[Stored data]

== == ==

lemma sum_beta2_beta4_gscale:
  assumes "g < 4" "h < 4" "c < 4"
  shows "(\<Sum>d<4. \<Sum>e<4. \<Sum>f<4. (4 * beta2 c e * beta4 g h f d + 2 * beta2 c d * beta4 g h f e) \<cdot>\<^sub>G Y d e f) =
    (if undotted g \<noteq> undotted h then -4 else 0) \<cdot>\<^sub>G
      (Y (flip_dot h) (flip_dot c) (flip_dot g) + Y (flip_dot g) (flip_dot c) (flip_dot h))
  + (if undotted g \<noteq> undotted h then -2 else 0) \<cdot>\<^sub>G
      (Y (flip_dot c) (flip_dot h) (flip_dot g) + Y (flip_dot c) (flip_dot g) (flip_dot h))"
proof -
  have "(\<Sum>d<4. \<Sum>e<4. \<Sum>f<4. (4 * beta2 c e * beta4 g h f d) \<cdot>\<^sub>G Y d e f)
      = (\<Sum>d<4. \<Sum>f<4. \<Sum>e<4. (4 * beta2 c e * beta4 g h f d) \<cdot>\<^sub>G Y d e f)"
    by (intro sum.cong refl sum.swap)
  also have "\<dots> = 4 \<cdot>\<^sub>G (\<Sum>f<4. \<Sum>d<4. beta4 g h f d \<cdot>\<^sub>G (\<Sum>e<4. beta2 c e \<cdot>\<^sub>G Y d e f))"
    by (subst sum.swap) (simp add: gscale_sum_right gscale_gscale mult_ac)
  finally have first: "(\<Sum>d<4. \<Sum>e<4. \<Sum>f<4. (4 * beta2 c e * beta4 g h f d) \<cdot>\<^sub>G Y d e f) =
      (if undotted g \<noteq> undotted h then -4 else 0) \<cdot>\<^sub>G
      (Y (flip_dot h) (flip_dot c) (flip_dot g) + Y (flip_dot g) (flip_dot c) (flip_dot h))"
    by (simp only: sum_beta2_gscale sum_beta4_gscale assms) (simp add: gscale_gscale)
  have "(\<Sum>d<4. \<Sum>e<4. \<Sum>f<4. (2 * beta2 c d * beta4 g h f e) \<cdot>\<^sub>G Y d e f)
      = 2 \<cdot>\<^sub>G (\<Sum>d<4. beta2 c d \<cdot>\<^sub>G (\<Sum>f<4. \<Sum>e<4. beta4 g h f e \<cdot>\<^sub>G Y d e f))"
    by (subst (2) sum.swap) (simp add: gscale_sum_right gscale_gscale mult_ac)
  then have second: "(\<Sum>d<4. \<Sum>e<4. \<Sum>f<4. (2 * beta2 c d * beta4 g h f e) \<cdot>\<^sub>G Y d e f) =
      (if undotted g \<noteq> undotted h then -2 else 0) \<cdot>\<^sub>G
      (Y (flip_dot c) (flip_dot h) (flip_dot g) + Y (flip_dot c) (flip_dot g) (flip_dot h))"
    by (simp only: sum_beta2_gscale sum_beta4_gscale assms) (simp add: gscale_gscale)
  show ?thesis
    by (simp add: gscale_add_left sum.distrib first second)
qed

lemma gcol_sum_gscale: "A < 3 \<Longrightarrow> (\<Sum>B<3. gcol A B \<cdot>\<^sub>G f B) = f A"
  using less_3_cases[of A] by (auto simp: gcol_def sum_lessThan_3)

lemma psiU_eq: "A < 3 \<Longrightarrow> psiU A d = psi d A"
  by (simp add: psiU_def gcol_sum_gscale)

lemma Jc_eq_colour_contract: "Jc a b = colour_contract (psib a) (psi b)"
  unfolding Jc_def colour_contract_def
  by (intro sum.cong refl) (simp add: gcol_sum_gscale gmul_gscale_right)

lemma Jc_commute: "Jc a b \<odot> Jc c d = Jc c d \<odot> Jc a b"
  unfolding Jc_eq_colour_contract by (intro colour_contract_commute) simp_all

lemma Jc_left_commute: "Jc a b \<odot> (Jc c d \<odot> X) = Jc c d \<odot> (Jc a b \<odot> X)"
  by (metis Jc_commute gmul_assoc)

lemma Vc_commute: "Vc C a b = Vc C b a"
  unfolding Vc_def colour_cross_def[symmetric]
  by (intro colour_cross_swap generator_anticomm is_generator_psi)

definition psib_det :: "nat \<Rightarrow> nat \<Rightarrow> nat \<Rightarrow> grass" where
  "psib_det a b c = colour_det (\<lambda>l. psib ([a, b, c] ! l))"

definition psi_det :: "nat \<Rightarrow> nat \<Rightarrow> nat \<Rightarrow> grass" where
  "psi_det a b c = colour_det (\<lambda>l. psi ([a, b, c] ! l))"

lemma psib_det_mult_psi_det:
  "psib_det x1 x2 x3 \<odot> psi_det y1 y2 y3 = - (
      Jc x1 y1 \<odot> Jc x2 y2 \<odot> Jc x3 y3 + Jc x1 y2 \<odot> Jc x2 y3 \<odot> Jc x3 y1
    + Jc x1 y3 \<odot> Jc x2 y1 \<odot> Jc x3 y2 + Jc x1 y1 \<odot> Jc x2 y3 \<odot> Jc x3 y2
    + Jc x1 y3 \<odot> Jc x2 y2 \<odot> Jc x3 y1 + Jc x1 y2 \<odot> Jc x2 y1 \<odot> Jc x3 y3)"
  unfolding psib_det_def psi_det_def Jc_eq_colour_contract
  by (subst colour_det_mult) simp_all

lemma psi_Vc_cyclic_sum:
  assumes "A < 3" "B < 3"
  shows "psi a A \<odot> Vc B b c + psi b A \<odot> Vc B c a + psi c A \<odot> Vc B a b = gcol A B \<cdot>\<^sub>G psi_det a b c"
  using colour_cross_cyclic_sum[of "\<lambda>l. psi ([a, b, c] ! l)", OF _ assms]
  by (simp add: psi_det_def Vc_def colour_cross_def)

lemma X2_eq_sum_psib_det_psi_det:
  "X2 = (\<Sum>g<4. \<Sum>h<4. \<Sum>c<4. (if undotted g \<noteq> undotted h then 4 else 0) \<cdot>\<^sub>G
     (psib_det h g c \<odot> psi_det (flip_dot g) (flip_dot h) (flip_dot c)))"
proof -
  define Z where "Z a b c d e f = Jc a d \<odot> Jc b e \<odot> Jc c f + 2 \<cdot>\<^sub>G (Jc a e \<odot> Jc b f \<odot> Jc c d)"
    for a b c d e f
  have "X2 = (\<Sum>a<4. \<Sum>b<4. \<Sum>c<4. (if undotted b \<noteq> undotted c then 4 else 0) \<cdot>\<^sub>G
      - (Z a b c (flip_dot a) (flip_dot b) (flip_dot c) + Z a b c (flip_dot a) (flip_dot c) (flip_dot b)))"
  proof -
    have coeff: "(4 * (if P then -1 else 0)) \<cdot>\<^sub>G x = (if P then 4 else 0) \<cdot>\<^sub>G - x" for P and x :: grass
      by (simp add: gscale_minus_left gscale_minus_right)
    show ?thesis
      unfolding X2_def Z_def[symmetric]
      by (simp add: gscale_sum_right sum_beta4_beta2_gscale gscale_gscale coeff del: minus_add_distrib)
  qed
  also have "\<dots> = (\<Sum>a<4. \<Sum>b<4. \<Sum>c<4. (if undotted b \<noteq> undotted c then 4 else 0) \<cdot>\<^sub>G
      (psib_det c b a \<odot> psi_det (flip_dot b) (flip_dot c) (flip_dot a)))"
  proof (rule sum.cong[OF refl], rule sum_symmetric_pairs_eq)
    have two: "2 \<cdot>\<^sub>G x = x + x" for x :: grass
      by (simp add: gscale_def fun_eq_iff)
    show "- (Z a b c (flip_dot a) (flip_dot b) (flip_dot c) + Z a b c (flip_dot a) (flip_dot c) (flip_dot b))
        + - (Z a c b (flip_dot a) (flip_dot c) (flip_dot b) + Z a c b (flip_dot a) (flip_dot b) (flip_dot c))
      = psib_det c b a \<odot> psi_det (flip_dot b) (flip_dot c) (flip_dot a)
        + psib_det b c a \<odot> psi_det (flip_dot c) (flip_dot b) (flip_dot a)" for a b c
      by (simp add: Z_def psib_det_mult_psi_det Jc_commute Jc_left_commute gmul_assoc two algebra_simps)
  qed auto
  also have "\<dots> = (\<Sum>g<4. \<Sum>h<4. \<Sum>c<4. (if undotted g \<noteq> undotted h then 4 else 0) \<cdot>\<^sub>G
     (psib_det h g c \<odot> psi_det (flip_dot g) (flip_dot h) (flip_dot c)))"
    by (rule sum_rotate3[symmetric])
  finally show ?thesis .
qed

lemma sum_mu_colour_contract:
  assumes "A < 3"
  shows "(\<Sum>C<3. \<Sum>G<3. \<Sum>H<3. \<Sum>\<mu><4.
       (cnj (gammaLDD \<mu> g h) * cnj (levi C G H)
          * (2 * beta2 c e * gammaDD \<mu> f d + beta2 c d * gammaDD \<mu> f e)) \<cdot>\<^sub>G
       (psib h H \<odot> psib g G \<odot> psib c C \<odot> psiU A d \<odot> Vc B e f))
    = (4 * beta2 c e * beta4 g h f d + 2 * beta2 c d * beta4 g h f e) \<cdot>\<^sub>G
       (- psib_det h g c \<odot> psi d A \<odot> Vc B e f)"
    (is "_ = ?W \<cdot>\<^sub>G _")
proof -
  have "(\<Sum>\<mu><4. cnj (gammaLDD \<mu> g h) * cnj (levi C G H)
          * (2 * beta2 c e * gammaDD \<mu> f d + beta2 c d * gammaDD \<mu> f e)) = levi C G H * ?W" for C G H
    by (simp add: beta4_def sum_distrib_left sum.distrib algebra_simps)
  then have "(\<Sum>C<3. \<Sum>G<3. \<Sum>H<3. \<Sum>\<mu><4.
       (cnj (gammaLDD \<mu> g h) * cnj (levi C G H)
          * (2 * beta2 c e * gammaDD \<mu> f d + beta2 c d * gammaDD \<mu> f e)) \<cdot>\<^sub>G
       (psib h H \<odot> psib g G \<odot> psib c C \<odot> psiU A d \<odot> Vc B e f))
    = ?W \<cdot>\<^sub>G ((\<Sum>C<3. \<Sum>G<3. \<Sum>H<3. levi C G H \<cdot>\<^sub>G (psib h H \<odot> psib g G \<odot> psib c C)) \<odot> psi d A \<odot> Vc B e f)"
    by (simp add: gscale_sum_left[symmetric] psiU_eq assms gmul_sum_left gmul_gscale_left
        gscale_sum_right gscale_gscale mult.commute)
  also have "\<dots> = ?W \<cdot>\<^sub>G (- psib_det h g c \<odot> psi d A \<odot> Vc B e f)"
    using colour_det_reversed[of "\<lambda>l. psib ([h, g, c] ! l)"] by (simp add: psib_det_def)
  finally show ?thesis .
qed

== == ==

*Instructions to follow:* Reply with the number of lines above in which the word "grass" appears, and with nothing else.

*Answer:* 4